Lettre à Inès, Gabriel et Amaury,
Mes enfants,
Avant vous, je ne savais pas ce qu’être parent voulait dire. Et puis, je vous ai portés du creux de mes reins à mes bras. De mes bras à mes mains. Et de mes mains du regard. Je ne savais pas que porter un enfant, c’était porter le monde sans s’en apercevoir.
On découvre que vous voir grandir, c’est se questionner chaque jour en se demandant si nos choix seront les bons, que participer à votre émancipation, c’est être à vos côtés lorsque vous tombez mais également vous laisser partir. On rêve de vous apporter le meilleur, de nous et du monde, on rêve d’idéal et de perfection. Vous êtes l’aboutissement de tous nos élans d’amour.
Mais vient le quotidien, le boulot trop prenant, le manque de temps. Et l’éducation rêvée devient un compromis entre nos désirs, les vôtres et les impératifs de nos sociétés.
Pourtant, l’éducation que j’aimerais vous offrir est un chemin à partager, un bout de route vers un savoir collectif. C’est ma part d’humanité qui a traversé des générations et m’a mené jusqu’à vous. C’est ce qui m’a relié à mes ancêtres lorsque je vous ai mis au monde et qui me relie aux générations à venir depuis que j’accompagne vos vies.
Je vous aiderai probablement à lire, à écrire et à compter. Mais je vous guiderai aussi à aimer, à partager, à coopérer. Je vous apprendrai à cultiver, à cuisiner et à faire un feu. A vous rebeller, parfois. A ne pas baisser les bras. A écouter les autres. A respecter la terre.
Et j’apprendrai de vous, le temps, la patience et le sacrifice. Je complèterai ma propre éducation afin de redessiner la société, de réenchanter les êtres et d’approcher votre poésie. Je réapprendrai à jouer, à ne plus me dépêcher, à deviner des animaux dans les nuages et à chanter.

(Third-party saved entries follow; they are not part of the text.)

lemma index_border_mat [simp]:
  "border_mat c M $$ (0, 0) = c"
  "j < dim_col M \<Longrightarrow> border_mat c M $$ (0, Suc j) = 0"
  "i < dim_row M \<Longrightarrow> border_mat c M $$ (Suc i, 0) = 0"
  "i < dim_row M \<Longrightarrow> j < dim_col M \<Longrightarrow> border_mat c M $$ (Suc i, Suc j) = M $$ (i, j)"
  by (simp_all add: border_mat_def)

lemma border_mat_mult:
  assumes A: "A \<in> carrier_mat m n" and B: "B \<in> carrier_mat n k"
  shows "border_mat a A * border_mat b B = border_mat (a * b) (A * B)"
proof (rule eq_matI)
  fix i j assume "i < dim_row (border_mat (a * b) (A * B))" "j < dim_col (border_mat (a * b) (A * B))"
  then have i: "i < Suc m" and j: "j < Suc k" using A B by simp_all
  have "(border_mat a A * border_mat b B) $$ (i, j) = (\<Sum>l<Suc n. border_mat a A $$ (i, l) * border_mat b B $$ (l, j))"
    using A B i j by (intro index_mult_mat_sum) auto
  also have "\<dots> = border_mat a A $$ (i, 0) * border_mat b B $$ (0, j)
        + (\<Sum>l<n. border_mat a A $$ (i, Suc l) * border_mat b B $$ (Suc l, j))"
    by (rule sum.lessThan_Suc_shift)
  also have "\<dots> = border_mat (a * b) (A * B) $$ (i, j)"
    using A B i j
    by (cases i; cases j) (simp_all del: index_mult_mat(1) add: index_mult_mat_sum[OF A B])
  finally show "(border_mat a A * border_mat b B) $$ (i, j) = border_mat (a * b) (A * B) $$ (i, j)" .
qed (use A B in simp_all)

lemma adjoint_border_mat: "adjoint_mat (border_mat c M) = border_mat (cnj c) (adjoint_mat M)"
  by (rule eq_matI) (auto simp: border_mat_def adjoint_mat_def)

lemma border_mat_one: "border_mat 1 (1\<^sub>m n) = 1\<^sub>m (Suc n)"
  by (rule eq_matI) (auto simp: border_mat_def)

lemma border_mat_diag: "border_mat (d 0) (mat_diag n (\<lambda>i. d (Suc i))) = mat_diag (Suc n) d"
  by (rule eq_matI) (auto simp: border_mat_def mat_diag_def)

lemma unitary_border_mat:
  assumes "unitary_mat n U"
  shows "unitary_mat (Suc n) (border_mat 1 U)"
  using assms
  by (simp add: unitary_mat_def adjoint_border_mat border_mat_mult[of _ n n _ n] border_mat_one)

Et notre éducation mutuelle, je l’espère, nous permettra d’élever nos consciences et de trouver, avec humilité, la place à occuper dans ce monde.
Car si l’éducation est un droit, il est avant tout un devoir de nos générations de léguer ce que nous avons de meilleur, en tant que parent, association, école ou enfant. Si l’éducation est un droit ne l’abîmons pas de certitudes, ne l’enfermons pas dans des institutions rigides. Car si l’éducation est un droit, c’est aussi un échange entre ce que nous pensons savoir et ce qui sera remis en question demain.